Family Business

Most parents want what is best for their children. When you’re young and dating, your parents’ say can have a big impact on how the relationship goes. For instance, how late you can stay out, if they like your partner or not, or if they’ll even let you be with someone.

This is the struggle of my best friend April Padua. I basically grew up with April. We went to the same school from kindergarten to 8th grade, but became good friends from 4th grade to present day. Since I’ve known her for so long, it seems like we went through the same stages together. I know every major event that has happened in her life as she knows mine. Our parents make small talk with each other every now and then and our moms sometimes carpool together.

In high school April’s aunt made her tell her parents that she had lost her virginity to her now ex boyfriend. I was so scared for her, knowing how awkward that probably is, especially since her parents are very overprotective and won’t let her have freedom.

It’s that kind of relationship where “whatever I say goes because I’m your parent.” For instance, April isn’t going to school because her parents want her to pursue nursing or the police academy. So she feels like it’s pointless to go to school for something she doesn’t even want to do. She wants to go to school for Cosmetology, but her parents think it’s useless because that’s not “where the money is.”

When April told her parents, surprisingly they didn’t react the way we thought. I thought it was going to end in tears and possible disowning, but they were calm about it. They didn’t let her go out much with him though, but it was still more freedom than she expected. When things with her ex hit the fan, it was all bad. Her parents didn’t want her to see him anymore. Her ex was constantly texting her dad to let him see her, showing up at her door at all hours of the day to try to talk to her, and black mailing her.

At the end of the day, she respected her dad’s wishes and ended it for good. She’s now in a different relationship, and her parents are in the way of her having a “normal” life. She has to ask me and  her other friends to cover for her when she’s out with her new boyfriend because she feels like she can’t be open with her parents and tell them. Her and her boyfriend met at work and if me or her friends can’t cover for her, the only time she gets to spend with him is their lunch breaks at work. May I remind you all that she is 21. Her dad drops her off and picks her up from work to make sure she’s where she says she is.

This is causing problems in her new relationship.
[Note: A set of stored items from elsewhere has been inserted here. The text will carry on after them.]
lemma count_compatible_Suc:
  "count_compatible d (Suc n) m = (\<Sum>y<m. count_compatible d n (pred_bound (d n) y))"
proof -
  have inj: "inj_on (\<lambda>a. a(Suc n := y)) (compatible_seqs d n M)" for y M
    by (rule inj_onI) (simp add: compatible_seqs_def fun_eq_iff, metis lessI)
  have "count_compatible d (Suc n) m =
      (\<Sum>y<m. card ((\<lambda>a. a(Suc n := y)) ` compatible_seqs d n (pred_bound (d n) y)))"
    unfolding count_compatible_def compatible_seqs_Suc
    by (rule card_UN_disjoint) (auto simp: finite_compatible_seqs fun_eq_iff, metis)
  then show ?thesis
    unfolding count_compatible_def by (simp add: card_image[OF inj])
qed

lemma sum_lessThan_double:
  fixes g :: "nat \<Rightarrow> 'a::comm_monoid_add"
  shows "(\<Sum>y<2 * k. g y) = (\<Sum>j<k. g (2 * j)) + (\<Sum>j<k. g (2 * j + 1))"
  by (induction k) (simp_all add: algebra_simps)

lemma count_compatible_ascent:
  assumes "\<not> d n"
  shows "count_compatible d (Suc n) (2 * k) = 2 * (\<Sum>j<k. count_compatible d n (2 * j + 1))"
    and "count_compatible d (Suc n) (2 * k + 1) =
           (\<Sum>j\<le>k. count_compatible d n (2 * j + 1)) + (\<Sum>j<k. count_compatible d n (2 * j + 1))"
  using assms unfolding count_compatible_Suc
  by (simp_all add: pred_bound_def sum_lessThan_double lessThan_Suc_atMost[symmetric])

lemma count_compatible_descent:
  assumes "d n"
  shows "count_compatible d (Suc n) (2 * k) =
           (\<Sum>j\<le>k. count_compatible d n (2 * j)) + (\<Sum>j<k. count_compatible d n (2 * j))"
    and "count_compatible d (Suc n) (2 * k + 1) = 2 * (\<Sum>j\<le>k. count_compatible d n (2 * j))"
  using assms sum.atMost_shift[of "\<lambda>j. count_compatible d n (2 * j)" k] unfolding count_compatible_Suc
  by (simp_all add: pred_bound_def sum_lessThan_double lessThan_Suc_atMost[symmetric]
      count_compatible_bound_0)

lemma Abs_fps_sum_atMost:
  fixes f :: "nat \<Rightarrow> 'a::field"
  shows "Abs_fps (\<lambda>k. \<Sum>j\<le>k. f j) = inverse (1 - fps_X) * Abs_fps f"
proof -
  have "Abs_fps (\<lambda>k. \<Sum>j\<le>k. f j) = Abs_fps f * Abs_fps (\<lambda>_. 1)"
    by (rule fps_ext) (simp add: fps_mult_nth atLeast0AtMost)
  then show ?thesis
    by (simp add: fps_inverse_one_minus_fps_X mult.commute)
qed

lemma Abs_fps_sum_lessThan:
  fixes f :: "nat \<Rightarrow> 'a::field"
  shows "Abs_fps (\<lambda>k. \<Sum>j<k. f j) = fps_X * inverse (1 - fps_X) * Abs_fps f"
proof -
  have "Abs_fps (\<lambda>k. \<Sum>j<k. f j) = fps_X * Abs_fps (\<lambda>k. \<Sum>j\<le>k. f j)"
    by (rule fps_ext) (auto simp: lessThan_Suc_atMost[symmetric] gr0_conv_Suc)
  then show ?thesis
    by (simp add: Abs_fps_sum_atMost mult.assoc)
qed

definition Z_gf :: "(nat \<Rightarrow> bool) \<Rightarrow> nat \<Rightarrow> real fps" where
  "Z_gf d n = Abs_fps (\<lambda>k. of_nat (count_compatible d n (2 * k + 1)))"

definition Zbar_gf :: "(nat \<Rightarrow> bool) \<Rightarrow> nat \<Rightarrow> real fps" where
  "Zbar_gf d n = Abs_fps (\<lambda>k. of_nat (count_compatible d n (2 * k)))"

lemma Z_gf_0: "Z_gf d 0 = inverse (1 - fps_X)"
  unfolding Z_gf_def by (simp add: count_compatible_0 fps_inverse_one_minus_fps_X)

lemma Zbar_gf_0: "Zbar_gf d 0 = fps_X * inverse (1 - fps_X)"
proof -
  have "Zbar_gf d 0 = fps_X * Abs_fps (\<lambda>_. 1)"
    unfolding Zbar_gf_def by (rule fps_ext) (simp add: count_compatible_0)
  then show ?thesis
    by (simp add: fps_inverse_one_minus_fps_X)
qed

lemma Z_gf_ascent:
  assumes "\<not> d n"
  shows "Z_gf d (Suc n) = (1 + fps_X) * inverse (1 - fps_X) * Z_gf d n"
proof -
  define c where "c j = real (count_compatible d n (2 * j + 1))" for j
  have "Z_gf d (Suc n) = Abs_fps (\<lambda>k. \<Sum>j\<le>k. c j) + Abs_fps (\<lambda>k. \<Sum>j<k. c j)"
    unfolding Z_gf_def c_def by (rule fps_ext) (use count_compatible_ascent[of d n] assms in \<open>simp\<close>)
  then show ?thesis
    unfolding Abs_fps_sum_atMost Abs_fps_sum_lessThan Z_gf_def c_def by (simp add: algebra_simps)
qed

lemma Zbar_gf_ascent:
  assumes "\<not> d n"
  shows "Zbar_gf d (Suc n) = 2 * fps_X * inverse (1 - fps_X) * Z_gf d n"
proof -
  define c where "c j = real (count_compatible d n (2 * j + 1))" for j
  have "Zbar_gf d (Suc n) = 2 * Abs_fps (\<lambda>k. \<Sum>j<k. c j)"
    unfolding Zbar_gf_def c_def
    by (rule fps_ext) (use count_compatible_ascent[of d n] assms in \<open>simp add: fps_numeral_fps_const\<close>)
  then show ?thesis
    unfolding Abs_fps_sum_lessThan Z_gf_def c_def by (simp add: algebra_simps)
qed

lemma Z_gf_descent:
  assumes "d n"
  shows "Z_gf d (Suc n) = 2 * inverse (1 - fps_X) * Zbar_gf d n"
proof -
  define c where "c j = real (count_compatible d n (2 * j))" for j
  have "Z_gf d (Suc n) = 2 * Abs_fps (\<lambda>k. \<Sum>j\<le>k. c j)"
    unfolding Z_gf_def c_def
    by (rule fps_ext) (use count_compatible_descent[of d n] assms in \<open>simp add: fps_numeral_fps_const\<close>)
  then show ?thesis
    unfolding Abs_fps_sum_atMost Zbar_gf_def c_def by (simp add: algebra_simps)
qed

lemma Zbar_gf_descent:
  assumes "d n"
  shows "Zbar_gf d (Suc n) = (1 + fps_X) * inverse (1 - fps_X) * Zbar_gf d n"
proof -
  define c where "c j = real (count_compatible d n (2 * j))" for j
  have "Zbar_gf d (Suc n) = Abs_fps (\<lambda>k. \<Sum>j\<le>k. c j) + Abs_fps (\<lambda>k. \<Sum>j<k. c j)"
    unfolding Zbar_gf_def c_def by (rule fps_ext) (use count_compatible_descent[of d n] assms in \<open>simp\<close>)
  then show ?thesis
    unfolding Abs_fps_sum_atMost Abs_fps_sum_lessThan Zbar_gf_def c_def by (simp add: algebra_simps)
qed

lemma one_plus_fps_X_inverse: "(1 + fps_X) * inverse (1 + fps_X :: 'a::field fps) = 1"
  by (rule inverse_mult_eq_1') simp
Her boyfriend feels like she isn’t making an effort to hangout with her. He knows she has parents that don’t let her have freedom, but he doesn’t know to what extent. He acts like it is easy for her to just lie and get away with it, but it really takes planning. It has to be a certain time, because Filipino parents tend to look out the window to see who is picking you up. She tries to go out when her dad’s at work and her mom’s asleep, if not, the opportunity is gone.
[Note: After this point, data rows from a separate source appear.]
text \<open>T_xyz with first edge (1,2), base (1,3), second edge (2,3).\<close>
definition s_bnc :: bnc where "s_bnc = BNC 2 {(1,3),(2,3)} {}"   (* T_ubb *)
definition w_bnc :: bnc where "w_bnc = BNC 2 {(1,2),(2,3)} {}"   (* T_bub *)

inductive_set gen_sub :: "bnc set" where
  unit: "bnc_unit \<in> gen_sub"
| gs: "s_bnc \<in> gen_sub"
| gw: "w_bnc \<in> gen_sub"
| comp: "C \<in> gen_sub \<Longrightarrow> D \<in> gen_sub \<Longrightarrow> 1 \<le> i \<Longrightarrow> i \<le> bsize C
          \<Longrightarrow> bnc_comp C i D \<in> gen_sub"

datatype gen = S | W

datatype tree = Leaf | Node gen tree tree

fun arity :: "tree \<Rightarrow> nat" where
  "arity Leaf = 1"
| "arity (Node g l r) = arity l + arity r"

fun graft :: "tree \<Rightarrow> nat \<Rightarrow> tree \<Rightarrow> tree" where
  "graft Leaf i u = (if i = 1 then u else Leaf)"
| "graft (Node g l r) i u =
     (if i \<le> arity l then Node g (graft l i u) r else Node g l (graft r (i - arity l) u))"

definition gtree :: "gen \<Rightarrow> tree" where "gtree g = Node g Leaf Leaf"

inductive cong :: "tree \<Rightarrow> tree \<Rightarrow> bool" where
  rel1: "cong (graft (gtree W) 1 (gtree W)) (graft (gtree W) 2 (gtree W))"
| rel2: "cong (graft (gtree S) 1 (gtree S)) (graft (gtree S) 2 (gtree W))"
| refl: "cong t t"
| sym: "cong t u \<Longrightarrow> cong u t"
| trans: "cong t u \<Longrightarrow> cong u v \<Longrightarrow> cong t v"
| compL: "cong t t' \<Longrightarrow> 1 \<le> i \<Longrightarrow> i \<le> arity t \<Longrightarrow> cong (graft t i u) (graft t' i u)"
| compR: "cong u u' \<Longrightarrow> 1 \<le> i \<Longrightarrow> i \<le> arity t \<Longrightarrow> cong (graft t i u) (graft t i u')"

fun gen_bnc :: "gen \<Rightarrow> bnc" where
  "gen_bnc S = s_bnc"
| "gen_bnc W = w_bnc"

fun eval :: "tree \<Rightarrow> bnc" where
  "eval Leaf = bnc_unit"
| "eval (Node g l r) = bnc_comp (bnc_comp (gen_bnc g) 2 (eval r)) 1 (eval l)"

end

theory Submission
  imports Defs
begin

text \<open>Orienting the two relations as \<open>w \<circ>\<^sub>1 w \<rightarrow> w \<circ>\<^sub>2 w\<close> and
\<open>s \<circ>\<^sub>1 s \<rightarrow> s \<circ>\<^sub>2 w\<close> rewrites every tree into a normal one, in which no left child
carries the generator of its parent; since both relations hold in CNCB, it remains to show that
distinct normal trees have distinct images. The generator at the root is read off the colour of
the base, the arity of the left subtree off the longest blue (for \<open>w\<close>) or red (for \<open>s\<close>) arc
at the first vertex, and then both subtrees are recovered by restricting the configuration to
their vertices. The operad laws of CNCB and all these computations are carried out on arc sets
transported to the integers, where the index shifts of a partial composition are invertible.\<close>


section \<open>Gluing integer arc sets\<close>

definition stretch :: "int \<Rightarrow> int \<Rightarrow> int \<Rightarrow> int" where
  "stretch i m v = (if v \<le> i then v else v + m - 1)"

text \<open>The integer counterpart of \<open>bnc_comp\<close> for one colour; the flag \<open>c\<close> says whether
the arc \<open>(i, i + m)\<close> created by the gluing has that colour.\<close>

definition glue :: "(int \<times> int) set \<Rightarrow> int \<Rightarrow> (int \<times> int) set \<Rightarrow> int \<Rightarrow> bool \<Rightarrow> (int \<times> int) set" where
  "glue A i B m c =
     (\<lambda>(a, b). (stretch i m a, stretch i m b)) ` (A - {(i, i + 1)})
   \<union> (\<lambda>(a, b). (a + i - 1, b + i - 1)) ` (B - {(1, m + 1)})
   \<union> (if c then {(i, i + m)} else {})"

definition box :: "int \<Rightarrow> (int \<times> int) set" where
  "box n = {(a, b). 1 \<le> a \<and> a < b \<and> b \<le> n + 1}"

definition diagonals :: "int \<Rightarrow> (int \<times> int) set" where
  "diagonals n = {(a, b) \<in> box n. b \<noteq> a + 1 \<and> (a, b) \<noteq> (1, n + 1)}"

lemma mem_glue:
  assumes "1 \<le> m"
  shows "(x, y) \<in> glue A i B m c \<longleftrightarrow>
      (x \<le> i \<or> i + m \<le> x) \<and> (y \<le> i \<or> i + m \<le> y)
        \<and> (if x \<le> i then x else x + 1 - m, if y \<le> i then y else y + 1 - m) \<in> A - {(i, i + 1)}
    \<or> (x + 1 - i, y + 1 - i) \<in> B - {(1, m + 1)}
    \<or> c \<and> x = i \<and> y = i + m"
proof -
  have stretch_eq: "(x, y) = (stretch i m a, stretch i m b) \<longleftrightarrow>
      (x \<le> i \<or> i + m \<le> x) \<and> (y \<le> i \<or> i + m \<le> y)
      \<and> (a, b) = (if x \<le> i then x else x + 1 - m, if y \<le> i then y else y + 1 - m)" for a b
    using assms by (auto simp: stretch_def)
  have "(x, y) \<in> (\<lambda>(a, b). (stretch i m a, stretch i m b)) ` (A - {(i, i + 1)}) \<longleftrightarrow>
      (x \<le> i \<or> i + m \<le> x) \<and> (y \<le> i \<or> i + m \<le> y)
        \<and> (if x \<le> i then x else x + 1 - m, if y \<le> i then y else y + 1 - m) \<in> A - {(i, i + 1)}"
    unfolding image_def by (simp only: mem_Collect_eq Bex_def split_paired_Ex prod.case stretch_eq) blast
  moreover have "(x, y) \<in> (\<lambda>(a, b). (a + i - 1, b + i - 1)) ` (B - {(1, m + 1)}) \<longleftrightarrow>
      (x + 1 - i, y + 1 - i) \<in> B - {(1, m + 1)}"
    by (force simp: image_iff)
  ultimately show ?thesis by (simp add: glue_def)
qed

lemma glueE:
  assumes "(x, y) \<in> glue A i B m c"
  obtains a b where "(a, b) \<in> A" "(a, b) \<noteq> (i, i + 1)" "x = stretch i m a" "y = stretch i m b"
    | a b where "(a, b) \<in> B" "(a, b) \<noteq> (1, m + 1)" "x = a + i - 1" "y = b + i - 1"
    | "c" "x = i" "y = i + m"
  using assms unfolding glue_def by (auto split: if_splits)

lemma int_split_at_cuts:
  fixes a b c x :: int
  assumes "a \<le> b" "b \<le> c"
  obtains "x < a" | "x = a" | "a < x" "x < b" | "x = b" | "b < x" "x < c" | "x = c" | "c < x"
  using assms by linarith

text \<open>Both associativity laws need \<open>2 \<le> m\<close> and \<open>2 \<le> l\<close>: if a glued configuration is the
unit, its only edge is itself the arc created by the gluing, and the two sides give it different
colours. Units are dealt with on the level of configurations.\<close>

lemma glue_assoc_seq:
  assumes "A \<subseteq> box n" "B \<subseteq> box m" "E \<subseteq> box l"
    and "1 \<le> i" "i \<le> n" "1 \<le> k" "k \<le> m" "2 \<le> m" "2 \<le> l"
  shows "glue (glue A i B m c) (i + k - 1) E l d = glue A i (glue B k E l d) (m + l - 1) c"
proof -
  have cuts: "i \<le> i + k - 1" "i + k - 1 \<le> i + k - 1 + l"
    using assms by auto
  have boxed: "A = A \<inter> box n" "B = B \<inter> box m" "E = E \<inter> box l"
    using assms(1-3) by auto
  show ?thesis
  proof (rule set_eqI, clarify)
    fix x y
    show "(x, y) \<in> glue (glue A i B m c) (i + k - 1) E l d \<longleftrightarrow> (x, y) \<in> glue A i (glue B k E l d) (m + l - 1) c"
      using assms(4-)
      apply (subst (1 2) boxed(1); subst (1 2) boxed(2); subst (1 2) boxed(3))
      apply (cases x rule: int_split_at_cuts[OF cuts]; cases y rule: int_split_at_cuts[OF cuts])
      apply (simp_all add: mem_glue box_def algebra_simps)
      apply auto
      done
  qed
qed

lemma glue_assoc_par:
  assumes "A \<subseteq> box n" "B \<subseteq> box m" "E \<subseteq> box l"
    and "1 \<le> i" "i < j" "j \<le> n" "2 \<le> m" "2 \<le> l"
  shows "glue (glue A i B m c) (j + m - 1) E l d = glue (glue A j E l d) i B m c"
proof -
  have cuts: "i \<le> j + m - 1" "j + m - 1 \<le> j + m - 1 + l"
    using assms by auto
  have boxed: "A = A \<inter> box n" "B = B \<inter> box m" "E = E \<inter> box l"
    using assms(1-3) by auto
  show ?thesis
  proof (rule set_eqI, clarify)
    fix x y
    show "(x, y) \<in> glue (glue A i B m c) (j + m - 1) E l d \<longleftrightarrow> (x, y) \<in> glue (glue A j E l d) i B m c"
      using assms(4-)
      apply (subst (1 2) boxed(1); subst (1 2) boxed(2); subst (1 2) boxed(3))
      apply (cases x rule: int_split_at_cuts[OF cuts]; cases y rule: int_split_at_cuts[OF cuts])
      by (simp_all add: mem_glue box_def algebra_simps)
  qed
qed

lemma glue_subset_box:
  assumes "A \<subseteq> box n" "B \<subseteq> box m" "1 \<le> i" "i \<le> n" "1 \<le> m"
  shows "glue A i B m c \<subseteq> box (n + m - 1)"
proof clarify
  fix x y assume "(x, y) \<in> glue A i B m c"
  then show "(x, y) \<in> box (n + m - 1)"
    by (cases rule: glueE) (use assms in \<open>auto simp: box_def stretch_def\<close>)
qed

lemma glue_subset_diagonals:
  assumes "A \<subseteq> diagonals n" "B \<subseteq> diagonals m" "1 \<le> i" "i \<le> n" "1 \<le> m"
    and "c \<Longrightarrow> 2 \<le> n \<and> 2 \<le> m"
  shows "glue A i B m c \<subseteq> diagonals (n + m - 1)"
proof clarify
  fix x y assume "(x, y) \<in> glue A i B m c"
  then show "(x, y) \<in> diagonals (n + m - 1)"
    by (cases rule: glueE) (use assms in \<open>auto simp: diagonals_def box_def stretch_def\<close>)
qed

lemma glue_unit_right:
  assumes "B \<subseteq> {(1, 2)}"
  shows "glue A i B 1 c = A - {(i, i + 1)} \<union> (if c then {(i, i + 1)} else {})"
  using assms by (auto simp: set_eq_iff mem_glue)

lemma glue_unit_left:
  assumes "A \<subseteq> {(1, 2)}"
  shows "glue A 1 B m c = B - {(1, m + 1)} \<union> (if c then {(1, m + 1)} else {})"
  using assms by (auto simp: glue_def image_def add.commute)

definition shift :: "int \<Rightarrow> (int \<times> int) set \<Rightarrow> (int \<times> int) set" where
  "shift p A = (\<lambda>(a, b). (a + p, b + p)) ` A"

lemma mem_shift: "(x, y) \<in> shift p A \<longleftrightarrow> (x - p, y - p) \<in> A"
  by (force simp: shift_def)

lemma glue_binary:
  assumes "T \<subseteq> box 2" "A \<subseteq> box p" "B \<subseteq> box q" "1 \<le> p" "1 \<le> q"
  shows "glue (glue T 2 B q c) 1 A p d =
    A - {(1, p + 1)} \<union> shift p (B - {(1, q + 1)})
    \<union> (if c then {(p + 1, p + q + 1)} else {}) \<union> (if d then {(1, p + 1)} else {})
    \<union> (if (1, 3) \<in> T then {(1, p + q + 1)} else {})"
proof -
  have cuts: "1 \<le> p + 1" "p + 1 \<le> p + q + 1" using assms by auto
  have boxed: "T = T \<inter> box 2" "A = A \<inter> box p" "B = B \<inter> box q"
    using assms(1-3) by auto
  show ?thesis
  proof (rule set_eqI, clarify)
    fix x y
    show "(x, y) \<in> glue (glue T 2 B q c) 1 A p d \<longleftrightarrow> (x, y) \<in> A - {(1, p + 1)} \<union> shift p (B - {(1, q + 1)})
      \<union> (if c then {(p + 1, p + q + 1)} else {}) \<union> (if d then {(1, p + 1)} else {})
      \<union> (if (1, 3) \<in> T then {(1, p + q + 1)} else {})"
      using assms(4,5)
      apply (subst (1 2) boxed(1); subst (1 2) boxed(2); subst (1 2) boxed(3))
      apply (cases x rule: int_split_at_cuts[OF cuts]; cases y rule: int_split_at_cuts[OF cuts])
      by (simp_all add: mem_glue mem_shift box_def algebra_simps)
  qed
qed

section \<open>Arc sets of configurations as integer arc sets\<close>

definition int_arcs :: "(nat \<times> nat) set \<Rightarrow> (int \<times> int) set" where
  "int_arcs A = map_prod int int ` A"

lemma mem_int_arcs [simp]: "(int a, int b) \<in> int_arcs A \<longleftrightarrow> (a, b) \<in> A"
  by (auto simp: int_arcs_def)

lemma in_int_arcs_iff: "(x, y) \<in> int_arcs A \<longleftrightarrow> 0 \<le> x \<and> 0 \<le> y \<and> (nat x, nat y) \<in> A"
  by (auto simp: int_arcs_def image_iff intro!: bexI[of _ "(nat x, nat y)"])

lemma int_arcs_inject: "int_arcs A = int_arcs B \<longleftrightarrow> A = B"
  by (metis mem_int_arcs set_eqI surj_pair)

lemma int_arcs_empty [simp]: "int_arcs {} = {}"
  and int_arcs_insert [simp]: "int_arcs (insert (a, b) A) = insert (int a, int b) (int_arcs A)"
  by (simp_all add: int_arcs_def)

lemma int_arcs_Un: "int_arcs (A \<union> B) = int_arcs A \<union> int_arcs B"
  by (simp add: int_arcs_def image_Un)

lemma int_arcs_diff_singleton: "int_arcs (A - {(a, b)}) = int_arcs A - {(int a, int b)}"
  by (simp add: int_arcs_def image_set_diff inj_on_def)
“I’m honestly so used to all of this that it doesn’t even bother me anymore,” April said. “But in my head I’m just like, ‘if my relationship is hidden like this and based on lies, is this even gonna be a relationship that’s gonna workout?’ He thinks I don’t try and I do. It’s really not easy. I’m trying to please him and be able to see him but I hate lying too. I’m torn. It sucks I’m 21 and my life’s still unfair, you know?”

I feel for my friend. We used to complain about not getting freedom when we were in high school. Luckily as I got older, my parents got more lenient. My mom is happy when I come home at midnight on a school night. For April, her parents still treat her like she’s in 6th grade.

She understands that her parents are just trying to look out for her. But it is not just for the fact that she’s in relationship and can’t go out. It’s much deeper than that. She feels like she has no control of her life. Her parents caused an atmosphere of resentment. I feel bad that she has to sneak around and put her life on hold because what she wants to do with her life isn’t getting the approval of her parents.

April feels like nobody gets her relationship with her parents. Her dad is so overprotective of her and her mom goes with whatever her dad says. But it’s true. As much as I want to say I know how she must feel, I really don’t. I can relate to some extent but I don’t know the pain she feels when she feels trapped. She learned to bite her tongue and doesn’t even bother to talk back or say her side when she’s getting lectured because she knows it won’t make a difference.

Just recently April’s aunt told her dad about her new boyfriend. Her dad didn’t confront her about it yet, and I’m hoping for good outcomes. She deserves to be happy, experience life while she’s still young, and make mistakes for herself.

To April: I know you’re reading this and feeling a little bummed out. I know one day it’ll get better for you. I know you feel like you’re stuck and sad that you’re 21st birthday is coming up soon and your parents still won’t let you do anything. I hope one day you get the courage to pursue Cosmetology because it’s your life and career. Okay I’ll text you back now. lol.